Positive future visions for cultural heritage in Nordhordland UNESCO Biosphere Reserve
January 2024
The Norwegian team recently held a workshop for creating positive future visions for cultural heritage and cultural landscapes in the Nordhordland region, using the interactive Seeds of Good Anthropocenes (SoGA) method.
The SoGA method was developed by researchers at the Stockholm Resilience Centre (https://goodanthropocenes.net). In SOGA workshops, participants are asked to envision a realistic and optimistic vision of what the world can be, and to identify existing “seeds” (initiatives, projects, networks, etc.) in the region that can be upscaled to reach their vision for the future. In the CULTIVATE version of this method, the vision was set to 2034 and related to the local context for cultural heritage and cultural landscapes of the project’s biosphere reserves.

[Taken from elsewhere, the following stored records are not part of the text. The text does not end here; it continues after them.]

(* Consider the nearest-neighbor graph $\mathcal{G}^\mu_{x(k)}$ for a positive integer $\mu$. The maximizing algorithm (in $\mathcal{A}_{\rm max}$) achieves global finite-time consensus within at most $\lceil n/\mu\rceil$ steps: for every initial time $k_0$ and initial value $x^0\in\mathbb{R}^n$, all $x_i(k_0+\lceil n/\mu\rceil)$ are equal.
   Context: Nodes $\mathcal{V}=\{1,\dots,n\}$, $n\ge3$, states $x_i(k)\in\mathbb{R}$, discrete time. The class $\mathcal{A}_{\rm max}$ is the update $x_i(k+1)=\max_{j\in\mathcal{N}_i(k)}x_j(k)$, where $\mathcal{N}_i(k)=\{i\}\cup\mathcal{N}_i^-(k)\cup\mathcal{N}_i^+(k)$. Nearest-neighbor graph $\mathcal{G}^\mu_{x(k)}$: $\mathcal{N}_i^-(k)$ is a set of $\min(\mu,|\{j:x_j(k)<x_i(k)\}|)$ nodes $j$ with $x_j(k)<x_i(k)$ whose values are closest to $x_i(k)$ among such nodes (ties broken arbitrarily), and $\mathcal{N}_i^+(k)$ is defined symmetrically from $\{j: x_j(k)>x_i(k)\}$. $\lceil z\rceil$ is the smallest integer not smaller than $z$. *)

theory Defs
  imports Complex_Main
begin

text \<open>Nodes are 1..n; a state is a function nat => real (only values on 1..n matter).\<close>

definition below_set :: "nat \<Rightarrow> (nat \<Rightarrow> real) \<Rightarrow> nat \<Rightarrow> nat set" where
  "below_set n x i = {j \<in> {1..n}. x j < x i}"

definition above_set :: "nat \<Rightarrow> (nat \<Rightarrow> real) \<Rightarrow> nat \<Rightarrow> nat set" where
  "above_set n x i = {j \<in> {1..n}. x j > x i}"

text \<open>S is a valid choice of N_i^- : min(mu, |below|) nodes below x_i whose values are
  closest to x_i among such nodes (ties arbitrary).\<close>
definition valid_lower :: "nat \<Rightarrow> nat \<Rightarrow> (nat \<Rightarrow> real) \<Rightarrow> nat \<Rightarrow> nat set \<Rightarrow> bool" where
  "valid_lower n \<mu> x i S \<longleftrightarrow>
     S \<subseteq> below_set n x i \<and> card S = min \<mu> (card (below_set n x i)) \<and>
     (\<forall>j\<in>S. \<forall>l\<in>below_set n x i - S. \<bar>x i - x j\<bar> \<le> \<bar>x i - x l\<bar>)"

definition valid_upper :: "nat \<Rightarrow> nat \<Rightarrow> (nat \<Rightarrow> real) \<Rightarrow> nat \<Rightarrow> nat set \<Rightarrow> bool" where
  "valid_upper n \<mu> x i S \<longleftrightarrow>
     S \<subseteq> above_set n x i \<and> card S = min \<mu> (card (above_set n x i)) \<and>
     (\<forall>j\<in>S. \<forall>l\<in>above_set n x i - S. \<bar>x j - x i\<bar> \<le> \<bar>x l - x i\<bar>)"

text \<open>N is a neighbor set of i in some realization of the nearest-neighbor graph G^mu_x.\<close>
definition nn_neighbors :: "nat \<Rightarrow> nat \<Rightarrow> (nat \<Rightarrow> real) \<Rightarrow> nat \<Rightarrow> nat set \<Rightarrow> bool" where
  "nn_neighbors n \<mu> x i N \<longleftrightarrow>
     (\<exists>Sm Sp. valid_lower n \<mu> x i Sm \<and> valid_upper n \<mu> x i Sp \<and> N = {i} \<union> Sm \<union> Sp)"

end

theory Submission
  imports Defs
begin

(* Let M be the largest initial value and m a node attaining it.  Under the
   max-update every value is nondecreasing and never exceeds M, and m stays at M.  Call a
   node deficient if its value is below M.  If a deficient node i has fewer than mu
   deficient nodes strictly above it, then its upper neighbor set (the min(mu, .) closest
   nodes above i) cannot consist of deficient nodes only: either it has mu elements, or it
   contains every node above i, in particular m.  So i reaches M after one step.  Among any
   finite set, at least min(mu, card) elements have fewer than mu elements strictly above
   them; hence each step removes at least min(mu, d) of the d deficient nodes.  Since at most
   n - 1 nodes are deficient initially, none are left after ceil(n/mu) steps. *)

lemma card_few_above:
  fixes f :: "'a \<Rightarrow> 'b::linorder"
  assumes "finite B"
  shows "min \<mu> (card B) \<le> card {i\<in>B. card {j\<in>B. f i < f j} < \<mu>}"
  using assms
proof (induction "card B" arbitrary: B rule: less_induct)
  case less
  let ?top = "\<lambda>B. {i\<in>B. card {j\<in>B. f i < f j} < \<mu>}"
  show ?case
  proof (cases "card B \<le> \<mu>")
    case True
    have "card {j\<in>B. f i < f j} < \<mu>" if "i \<in> B" for i
    proof -
      have "card {j\<in>B. f i < f j} \<le> card (B - {i})"
        using less.prems by (intro card_mono) auto
      also have "\<dots> < card B" using that less.prems by (rule card_Diff1_less[rotated])
      finally show ?thesis using True by simp
    qed
    then have "?top B = B" by auto
    then show ?thesis by simp
  next
    case False
    (* remove an element of minimal key: it lies below everything, so removing it does not
       change the elements above any other node *)
    have "Min (f ` B) \<in> f ` B" using False less.prems by (intro Min_in) auto
    then obtain m where m: "m \<in> B" "f m = Min (f ` B)" by auto
    then have m_min: "\<forall>j\<in>B. f m \<le> f j" using less.prems by simp
    let ?B' = "B - {m}"
    have card_B': "card ?B' = card B - 1" using m less.prems by simp
    have "card ?B' < card B" using m less.prems by (intro card_Diff1_less)
    have IH: "min \<mu> (card ?B') \<le> card (?top ?B')"
      using less.hyps[OF \<open>card ?B' < card B\<close>] less.prems by simp
    have "{j\<in>B. f i < f j} = {j\<in>?B'. f i < f j}" if "i \<in> ?B'" for i
      using m m_min that by force
    then have "?top ?B' \<subseteq> ?top B" by auto
    then have "card (?top ?B') \<le> card (?top B)"
      using less.prems by (intro card_mono) auto
    then show ?thesis using IH card_B' False by simp
  qed
qed

lemma nn_neighbors_props:
  assumes "nn_neighbors n \<mu> x i N" and "i \<in> {1..n}"
  shows "N \<subseteq> {1..n}" "i \<in> N" "\<exists>Sp. valid_upper n \<mu> x i Sp \<and> Sp \<subseteq> N"
  using assms
  unfolding nn_neighbors_def valid_lower_def valid_upper_def below_set_def above_set_def
  by blast+

lemma max_update_bounds:
  assumes nb: "nn_neighbors n \<mu> x i N" and i: "i \<in> {1..n}"
    and le: "\<forall>j\<in>{1..n}. x j \<le> M"
  shows "x i \<le> Max (x ` N)" "Max (x ` N) \<le> M"
proof -
  have N: "N \<subseteq> {1..n}" "i \<in> N" using nn_neighbors_props[OF nb i] by auto
  have "finite N" using N(1) by (rule finite_subset) simp
  show "x i \<le> Max (x ` N)" using \<open>finite N\<close> N by (intro Max_ge) auto
  show "Max (x ` N) \<le> M" using \<open>finite N\<close> N le by (subst Max_le_iff) auto
qed

definition deficient :: "nat \<Rightarrow> real \<Rightarrow> (nat \<Rightarrow> real) \<Rightarrow> nat set" where
  "deficient n M x = {i\<in>{1..n}. x i < M}"

(* Either the upper neighbor set has
   mu elements, so not all of them are deficient, or it contains all nodes above i, among
   them m. *)
lemma upper_neighbor_attains_max:
  assumes Sp: "valid_upper n \<mu> x i Sp"
    and le: "\<forall>j\<in>{1..n}. x j \<le> M" and m: "m \<in> {1..n}" "x m = M" and xi: "x i < M"
    and few: "card {j\<in>deficient n M x. x i < x j} < \<mu>"
  shows "\<exists>j\<in>Sp. x j = M"
proof (rule ccontr)
  assume none: "\<not> (\<exists>j\<in>Sp. x j = M)"
  have Sp_above: "Sp \<subseteq> above_set n x i" using Sp unfolding valid_upper_def by auto
  have "Sp \<subseteq> {j\<in>deficient n M x. x i < x j}"
  proof
    fix j assume j: "j \<in> Sp"
    then have j_node: "j \<in> {1..n}" and "x i < x j" using Sp_above by (auto simp: above_set_def)
    moreover have "x j < M" using le j_node j none by (metis order_le_neq_trans)
    ultimately show "j \<in> {j\<in>deficient n M x. x i < x j}" by (simp add: deficient_def)
  qed
  then have "card Sp \<le> card {j\<in>deficient n M x. x i < x j}"
    by (intro card_mono) (auto simp: deficient_def)
  then have "card Sp < \<mu>" using few by simp
  then have "card Sp = card (above_set n x i)" using Sp unfolding valid_upper_def by auto
  then have "Sp = above_set n x i"
    using Sp_above by (intro card_subset_eq) (auto simp: above_set_def)
  moreover have "m \<in> above_set n x i" using m xi by (simp add: above_set_def)
  ultimately show False using none m(2) by blast
qed

lemma max_update_step:
  assumes le: "\<forall>i\<in>{1..n}. x i \<le> M" and m: "m \<in> {1..n}" "x m = M"
    and nb: "\<And>i. i \<in> {1..n} \<Longrightarrow> nn_neighbors n \<mu> x i (N i) \<and> x' i = Max (x ` N i)"
  shows "\<forall>i\<in>{1..n}. x' i \<le> M" "x' m = M"
    and "deficient n M x' \<subseteq>
      deficient n M x - {i\<in>deficient n M x. card {j\<in>deficient n M x. x i < x j} < \<mu>}"
proof -
  have bounds: "x i \<le> x' i" "x' i \<le> M" if "i \<in> {1..n}" for i
    using max_update_bounds[OF conjunct1[OF nb[OF that]] that le] nb[OF that] by auto
  show "\<forall>i\<in>{1..n}. x' i \<le> M" using bounds(2) by auto
  show "x' m = M" using bounds[OF m(1)] m(2) by simp
  show "deficient n M x' \<subseteq>
      deficient n M x - {i\<in>deficient n M x. card {j\<in>deficient n M x. x i < x j} < \<mu>}"
  proof
    fix i assume "i \<in> deficient n M x'"
    then have i: "i \<in> {1..n}" "x' i < M" by (auto simp: deficient_def)
    have xi: "x i < M" using bounds(1)[OF i(1)] i(2) by simp
    have "\<not> card {j\<in>deficient n M x. x i < x j} < \<mu>"
    proof
      assume "card {j\<in>deficient n M x. x i < x j} < \<mu>"
      moreover obtain Sp where "valid_upper n \<mu> x i Sp" "Sp \<subseteq> N i"
        using nn_neighbors_props(3) nb[OF i(1)] i(1) by blast
      ultimately obtain j where j: "j \<in> N i" "x j = M"
        using upper_neighbor_attains_max le m xi by blast
      have "N i \<subseteq> {1..n}" using nn_neighbors_props(1) nb[OF i(1)] i(1) by blast
      then have "finite (N i)" by (rule finite_subset) simp
      then have "M \<le> Max (x ` N i)" using j by (intro Max_ge) auto
      then have "M \<le> x' i" using nb[OF i(1)] by simp
      then show False using i(2) by simp
    qed
    then show "i \<in> deficient n M x -
        {i\<in>deficient n M x. card {j\<in>deficient n M x. x i < x j} < \<mu>}"
      using i(1) xi by (simp add: deficient_def)
  qed
qed

lemma card_deficient_step:
  assumes "deficient n M x' \<subseteq>
      deficient n M x - {i\<in>deficient n M x. card {j\<in>deficient n M x. x i < x j} < \<mu>}"
  shows "card (deficient n M x') \<le> card (deficient n M x) - min \<mu> (card (deficient n M x))"
proof -
  let ?D = "deficient n M x"
  let ?top = "{i\<in>?D. card {j\<in>?D. x i < x j} < \<mu>}"
  have fin: "finite ?D" by (simp add: deficient_def)
  have "card (deficient n M x') \<le> card (?D - ?top)"
    using assms fin by (intro card_mono) auto
  also have "\<dots> = card ?D - card ?top" using fin by (intro card_Diff_subset) auto
  also have "\<dots> \<le> card ?D - min \<mu> (card ?D)"
    using card_few_above[OF fin, where f = x and \<mu> = \<mu>] by simp
  finally show ?thesis .
qed

lemma deficient_decay:
  assumes m: "m \<in> {1..n}" "x s m = M" and le: "\<forall>i\<in>{1..n}. x s i \<le> M"
    and upd: "\<And>k i. k \<ge> s \<Longrightarrow> i \<in> {1..n} \<Longrightarrow>
           nn_neighbors n \<mu> (x k) i (N k i) \<and> x (Suc k) i = Max (x k ` N k i)"
  shows "(\<forall>i\<in>{1..n}. x (s + t) i \<le> M) \<and> x (s + t) m = M \<and>
      card (deficient n M (x (s + t))) \<le> (n - 1) - t * \<mu>"
proof (induction t)
  case 0
  have "deficient n M (x s) \<subseteq> {1..n} - {m}" using m by (auto simp: deficient_def)
  then have "card (deficient n M (x s)) \<le> card ({1..n} - {m})" by (intro card_mono) auto
  also have "\<dots> = n - 1" using m(1) by simp
  finally show ?case using le m by simp
next
  case (Suc t)
  then have le_t: "\<forall>i\<in>{1..n}. x (s + t) i \<le> M" and m_t: "x (s + t) m = M"
    and card_t: "card (deficient n M (x (s + t))) \<le> (n - 1) - t * \<mu>"
    by auto
  have upd_t: "\<And>i. i \<in> {1..n} \<Longrightarrow> nn_neighbors n \<mu> (x (s + t)) i (N (s + t) i) \<and>
      x (s + Suc t) i = Max (x (s + t) ` N (s + t) i)"
    using upd[of "s + t"] by simp
  note step = max_update_step[OF le_t m(1) m_t upd_t]
  have "card (deficient n M (x (s + Suc t))) \<le>
      card (deficient n M (x (s + t))) - min \<mu> (card (deficient n M (x (s + t))))"
    by (rule card_deficient_step[OF step(3)])
  also have "\<dots> \<le> (n - 1) - t * \<mu> - \<mu>" using card_t by linarith
  also have "\<dots> = (n - 1) - Suc t * \<mu>" by simp
  finally show ?case using step(1,2) by simp
qed

lemma ceiling_div_mult:
  assumes "\<mu> \<ge> 1"
  shows "n \<le> nat \<lceil>real n / real \<mu>\<rceil> * \<mu>"
proof -
  define T where "T = nat \<lceil>real n / real \<mu>\<rceil>"
  have "real n / real \<mu> \<le> real T" unfolding T_def by linarith
  then have "real n \<le> real T * real \<mu>" using assms by (simp add: divide_le_eq)
  then show ?thesis unfolding T_def[symmetric] by (metis of_nat_le_iff of_nat_mult)
qed

theorem theorem9:
  fixes n \<mu> k0 :: nat and x :: "nat \<Rightarrow> nat \<Rightarrow> real" and N :: "nat \<Rightarrow> nat \<Rightarrow> nat set"
  assumes "n \<ge> 3" and "\<mu> \<ge> 1"
    and "\<And>k i. k \<ge> k0 \<Longrightarrow> i \<in> {1..n} \<Longrightarrow>
           nn_neighbors n \<mu> (x k) i (N k i) \<and> x (Suc k) i = Max (x k ` N k i)"
  shows "\<forall>i\<in>{1..n}. \<forall>j\<in>{1..n}.
           x (k0 + nat \<lceil>real n / real \<mu>\<rceil>) i = x (k0 + nat \<lceil>real n / real \<mu>\<rceil>) j"
proof -
  define M where "M = Max (x k0 ` {1..n})"
  define T where "T = nat \<lceil>real n / real \<mu>\<rceil>"
  have "M \<in> x k0 ` {1..n}" unfolding M_def using assms(1) by (intro Max_in) auto
  then obtain m where m: "m \<in> {1..n}" "x k0 m = M" by auto
  have le: "\<forall>i\<in>{1..n}. x k0 i \<le> M" unfolding M_def by simp
  note decay = deficient_decay[where x = x and s = k0 and t = T, OF m le assms(3)]
  have "(n - 1) - T * \<mu> = 0" using ceiling_div_mult[OF assms(2), of n] by (simp add: T_def)
  then have "deficient n M (x (k0 + T)) = {}"
    using decay by (simp add: deficient_def)
  then have "\<forall>i\<in>{1..n}. x (k0 + T) i = M"
    using decay by (force simp: deficient_def)
  then show ?thesis unfolding T_def by simp
qed

end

In Nordhordland, different stakeholders within cultural heritage, agriculture, municipalities, and business from all municipalities in the BR were invited to attend the workshop. We had 14 participants from four municipalities, and we completed the workshop in four separate groups. Inger Måren and Silje Östman from the CULTIVATE team, and Kari Natland and Kjersti Isdal from the Biosphere team were there to guide the groups through the exercises.
The groups were very productive and engaged, and we struggled to stay within our time frame because there was so much to discuss! They produced four different future visions, although there was a clear focus on preserving cultural landscapes and traditional food production system, utilizing existing resources sustainably, and reusing and recycling old materials. Maybe all of these visions will be realized in the next ten years!
-
A future for the proud farmer who distributes their products locally and maintains the cultural landscapes.
-
From consumption to utilization: Using knowledge from the past to live sustainably with existing resources in our landscapes. Consumerism is abandoned.
-
Backwards is the new forward: Preserved, re-visualised and sustainable.
-
2034: Nordhordland is a region that protects and utilises resources in a sustainable way.
We are looking forward to comparing the Norwegian outcomes of this workshop to those of Scotland, Estonia and Czechia.